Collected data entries
(* Suppose the digraph $\mathcal{G}=(\mathcal{V},\mathcal{E})$ is strongly connected. Then each of the four matrices $$\sum_{(j,i)\in\mathcal{E}}p_{ij}(I-L_{ji})\otimes(I-L_{ji}),\quad \sum_{(j,i)\in\mathcal{E}}p_{ij}(I-L_{ji})\otimes S_{ji},\quad \sum_{(j,i)\in\mathcal{E}}p_{ij}S_{ji}\otimes(I-L_{ji}),\quad \sum_{(j,i)\in\mathcal{E}}p_{ij}S_{ji}\otimes S_{ji}$$ has $1$ as a simple eigenvalue, and all of its other eigenvalues have modulus strictly smaller than one.
   Context: Setting: $\mathcal{V}=\{1,\dots,n\}$, $n>1$, and $\mathcal{G}$ has no selfloops. To each edge $(j,i)\in\mathcal{E}$ are assigned $p_{ij}\in(0,1)$, with $\sum_{(j,i)\in\mathcal{E}}p_{ij}=1$, and $w_{ij}\in(0,1)$. Notation: $f_i$ is the $i$-th standard basis vector of $\mathbb{R}^n$ and $\otimes$ is the Kronecker product. For each edge $(j,i)$, $L_{ji}=w_{ij}f_if_i^T-w_{ij}f_if_j^T$ and $S_{ji}=I-(f_j-f_i)f_j^T$. *)

theory Defs
  imports "Jordan_Normal_Form.Jordan_Normal_Form"
begin

text \<open>Vertices are 0..n-1 (paper: 1..n). Standard basis vector f_i as an n x 1 column matrix.\<close>
definition fcol :: "nat \<Rightarrow> nat \<Rightarrow> real mat" where
  "fcol n i = mat n 1 (\<lambda>(a,b). if a = i then 1 else 0)"

definition Lmat :: "nat \<Rightarrow> (nat \<Rightarrow> nat \<Rightarrow> real) \<Rightarrow> nat \<Rightarrow> nat \<Rightarrow> real mat" where
  "Lmat n w j i = w i j \<cdot>\<^sub>m (fcol n i * transpose_mat (fcol n i))
                 - w i j \<cdot>\<^sub>m (fcol n i * transpose_mat (fcol n j))"

definition Smat :: "nat \<Rightarrow> nat \<Rightarrow> nat \<Rightarrow> real mat" where
  "Smat n j i = 1\<^sub>m n - (fcol n j - fcol n i) * transpose_mat (fcol n j)"

definition kron :: "'a::times mat \<Rightarrow> 'a mat \<Rightarrow> 'a mat" where
  "kron A B = mat (dim_row A * dim_row B) (dim_col A * dim_col B)
     (\<lambda>(a,b). A $$ (a div dim_row B, b div dim_col B) * B $$ (a mod dim_row B, b mod dim_col B))"

definition msum :: "nat \<Rightarrow> ('b \<Rightarrow> 'a::comm_monoid_add mat) \<Rightarrow> 'b set \<Rightarrow> 'a mat" where
  "msum m F S = mat m m (\<lambda>ij. \<Sum>x\<in>S. F x $$ ij)"

definition simple_one_rest_inside :: "real mat \<Rightarrow> bool" where
  "simple_one_rest_inside M \<longleftrightarrow>
     (let Mc = map_mat complex_of_real M in
       eigenvalue Mc 1 \<and> order 1 (char_poly Mc) = 1 \<and>
       (\<forall>z. eigenvalue Mc z \<and> z \<noteq> 1 \<longrightarrow> cmod z < 1))"

end

theory Submission
  imports
    Defs
    "Jordan_Normal_Form.Jordan_Normal_Form_Uniqueness"
    "Jordan_Normal_Form.Jordan_Normal_Form_Existence"
begin

text \<open>Each of the four matrices \<open>M\<close> is entrywise nonnegative and fixes a positive vector of
  product form \<open>u \<otimes> v\<close>: the all-ones vector for a factor \<open>I - L\<close> (its rows sum to one), and
  a Perron vector \<open>\<pi>\<close> of \<open>\<Sum> p\<^sub>i\<^sub>j S\<^sub>j\<^sub>i\<close> for a factor \<open>S\<close> (its columns sum to one); the
  matrix \<open>S \<otimes> S\<close> is treated through its transpose. Strong connectivity of the graph lets
  every index of the product graph reach \<open>(0,0)\<close> along positive entries of \<open>M\<close>, and \<open>M\<close> has
  a positive diagonal entry there. For such a matrix, comparing \<open>|x|\<close> with the fixed vector
  \<open>h\<close> at a maximum of \<open>|x k| / h k\<close> shows that an eigenvalue of modulus at least one must be
  \<open>1\<close> and that the fixed vectors are the multiples of \<open>h\<close>; the same comparison applied to
  \<open>Re (cnj c x)\<close> rules out a Jordan chain \<open>M x = x + c h\<close>, so \<open>1\<close> is a simple root of the
  characteristic polynomial.\<close>

section \<open>Algebraic multiplicity via the Jordan normal form\<close>

lemma kernel_dim_le_1:
  fixes C :: "'a::field mat"
  assumes C: "C \<in> carrier_mat n n" and v: "v \<in> carrier_vec n" "C *\<^sub>v v = 0\<^sub>v n"
    and spanned: "\<And>x. x \<in> carrier_vec n \<Longrightarrow> C *\<^sub>v x = 0\<^sub>v n \<Longrightarrow> \<exists>d. x = d \<cdot>\<^sub>v v"
  shows "kernel_dim C \<le> 1"
proof -
  interpret K: kernel n n C by (unfold_locales, rule C)
  have sub: "{v} \<subseteq> mat_kernel C" using mat_kernelI[OF C v] by auto
  have "K.Ker.span {v} = mat_kernel C"
  proof
    show "K.Ker.span {v} \<subseteq> mat_kernel C" using K.Ker.span_is_subset2[OF sub] .
    show "mat_kernel C \<subseteq> K.Ker.span {v}"
    proof
      fix x assume x: "x \<in> mat_kernel C"
      from mat_kernelD[OF C x] spanned obtain d where d: "x = d \<cdot>\<^sub>v v" by blast
      have "submodule class_ring (K.Ker.span {v}) K.VK" by (rule K.Ker.span_is_submodule[OF sub])
      moreover have "v \<in> K.Ker.span {v}" using K.Ker.in_own_span[OF sub] by auto
      ultimately show "x \<in> K.Ker.span {v}" unfolding d submodule_def by auto
    qed
  qed
  then have "card {v} \<ge> K.dim" by (intro K.Ker.gen_ge_dim) (use sub in auto)
  then show ?thesis by simp
qed

lemma sum_list_le_1_if_sum_list_min_2_le_1:
  assumes "\<forall>k\<in>set ks. (0::nat) < k" "sum_list (map (min 2) ks) \<le> 1"
  shows "sum_list ks \<le> 1"
  using assms
proof (induction ks)
  case (Cons k ks)
  then show ?case by (cases ks) (auto simp: min_def split: if_splits)
qed simp

text \<open>Each Jordan block for \<open>e\<close> contributes \<open>min 2 size\<close> to the dimension of the kernel of
  \<open>(A - e I)\<^sup>2\<close>; so this dimension being at most one leaves room for a single block of size one.\<close>

lemma order_char_poly_le_1_if_dim_gen_eigenspace_le_1:
  fixes A :: "complex mat"
  assumes A: "A \<in> carrier_mat n n" and dim: "dim_gen_eigenspace A e 2 \<le> 1"
  shows "Polynomial.order e (char_poly A) \<le> 1"
proof -
  obtain as where "char_poly A = (\<Prod>a\<leftarrow>as. [:- a, 1:])" using char_poly_factorized[OF A] by auto
  from jordan_nf_exists[OF A this] obtain n_as where jnf: "jordan_nf A n_as" by auto
  define ks where "ks = map fst (filter (\<lambda>na. snd na = e) n_as)"
  have "dim_gen_eigenspace A e 2 = sum_list (map (min 2) ks)"
    unfolding dim_gen_eigenspace[OF jnf] ks_def by (induction n_as) auto
  moreover have "\<forall>k\<in>set ks. 0 < k" using jnf unfolding jordan_nf_def ks_def by force
  ultimately have "sum_list ks \<le> 1" using dim sum_list_le_1_if_sum_list_min_2_le_1 by simp
  then show ?thesis unfolding jordan_nf_order[OF jnf] ks_def .
qed

lemma char_matrix_mult_vec:
  fixes A :: "'a::field mat"
  assumes "A \<in> carrier_mat n n" "x \<in> carrier_vec n"
  shows "char_matrix A e *\<^sub>v x = A *\<^sub>v x - e \<cdot>\<^sub>v x"
  unfolding char_matrix_def using assms
  by (intro eq_vecI) (auto simp: add_mult_distrib_mat_vec[of _ n n] minus_add_uminus_vec)

lemma char_matrix_1_kernel_iff:
  fixes A :: "'a::field mat"
  assumes "A \<in> carrier_mat n n" "x \<in> carrier_vec n"
  shows "char_matrix A 1 *\<^sub>v x = 0\<^sub>v n \<longleftrightarrow> A *\<^sub>v x = x"
  using assms by (auto simp: char_matrix_mult_vec vec_eq_iff)

lemma mat_square_mult_vec:
  assumes "C \<in> carrier_mat n n" "x \<in> carrier_vec n"
  shows "C ^\<^sub>m 2 *\<^sub>v x = C *\<^sub>v (C *\<^sub>v x)"
  using assms by (simp add: numeral_2_eq_2 assoc_mult_mat_vec[of _ n n _ n])

lemma nonzero_vec_ex_nonzero_index:
  "x \<in> carrier_vec n \<Longrightarrow> x \<noteq> 0\<^sub>v n \<Longrightarrow> \<exists>k<n. x $ k \<noteq> 0"
  by (auto simp: vec_eq_iff)

lemma simple_one_rest_inside_transpose:
  assumes "P \<in> carrier_mat N N" and "simple_one_rest_inside (transpose_mat P)"
  shows "simple_one_rest_inside P"
proof -
  let ?Pc = "map_mat complex_of_real P"
  have Pc: "?Pc \<in> carrier_mat N N" using assms(1) by simp
  then have "char_poly (transpose_mat ?Pc) = char_poly ?Pc" by simp
  moreover have "eigenvalue (transpose_mat ?Pc) z = eigenvalue ?Pc z" for z
    using eigenvalue_root_char_poly[OF Pc] eigenvalue_root_char_poly[of "transpose_mat ?Pc" N] Pc
      \<open>char_poly (transpose_mat ?Pc) = char_poly ?Pc\<close> by simp
  ultimately show ?thesis
    using assms(2) unfolding simple_one_rest_inside_def Let_def by (simp add: map_mat_transpose)
qed

section \<open>Nonnegative matrices with a positive fixed vector\<close>

lemma ex_argmax_lessThan:
  fixes f :: "nat \<Rightarrow> 'a::linorder"
  assumes "0 < N"
  shows "\<exists>k<N. \<forall>b<N. f b \<le> f k"
proof -
  have fin: "finite (f ` {..<N})" and ne: "f ` {..<N} \<noteq> {}" using assms by auto
  obtain k where "k < N" "f k = Max (f ` {..<N})" using Max_in[OF fin ne] by auto
  then show ?thesis using Max_ge[OF fin] by auto
qed

lemma eq_1_if_norm_ge_1_in_disc:
  fixes z :: complex and c :: real
  assumes "1 \<le> cmod z" "0 < c" "cmod (z - of_real c) \<le> 1 - c"
  shows "z = 1"
proof -
  have "cmod z \<le> cmod (z - of_real c) + c"
    using norm_triangle_ineq[of "z - of_real c" "of_real c"] assms(2) by simp
  with assms have norm_z: "cmod z = 1" and norm_zc: "cmod (z - of_real c) = 1 - c" by linarith+
  have "(Re z - c)^2 + (Im z)^2 = (1 - c)^2"
    using cmod_power2[of "z - of_real c"] norm_zc by simp
  moreover have unit: "(Re z)^2 + (Im z)^2 = 1"
    using cmod_power2[of z] norm_z by simp
  moreover have "(Re z - c)^2 = (Re z)^2 - 2 * c * Re z + c^2" "(1 - c)^2 = 1 - 2 * c + c^2"
    by (simp_all add: power2_diff)
  ultimately have "c * Re z = c" by linarith
  then have "Re z = 1" using assms(2) by simp
  with unit have "Im z = 0" by simp
  with \<open>Re z = 1\<close> show ?thesis by (simp add: complex_eq_iff)
qed

definition pos_entries :: "nat \<Rightarrow> 'a::{zero,ord} mat \<Rightarrow> (nat \<times> nat) set" where
  "pos_entries N P = {(k,b). k < N \<and> b < N \<and> 0 < P $$ (k,b)}"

What the exercise asks:
Given the data above, which lines hold the string "product"? Return them.

Solution for this task:
   Context: Setting: $\mathcal{V}=\{1,\dots,n\}$, $n>1$, and $\mathcal{G}$ has no selfloops. To each edge $(j,i)\in\mathcal{E}$ are assigned $p_{ij}\in(0,1)$, with $\sum_{(j,i)\in\mathcal{E}}p_{ij}=1$, and $w_{ij}\in(0,1)$. Notation: $f_i$ is the $i$-th standard basis vector of $\mathbb{R}^n$ and $\otimes$ is the Kronecker product. For each edge $(j,i)$, $L_{ji}=w_{ij}f_if_i^T-w_{ij}f_if_j^T$ and $S_{ji}=I-(f_j-f_i)f_j^T$. *)
  product form \<open>u \<otimes> v\<close>: the all-ones vector for a factor \<open>I - L\<close> (its rows sum to one), and
  every index of the product graph reach \<open>(0,0)\<close> along positive entries of \<open>M\<close>, and \<open>M\<close> has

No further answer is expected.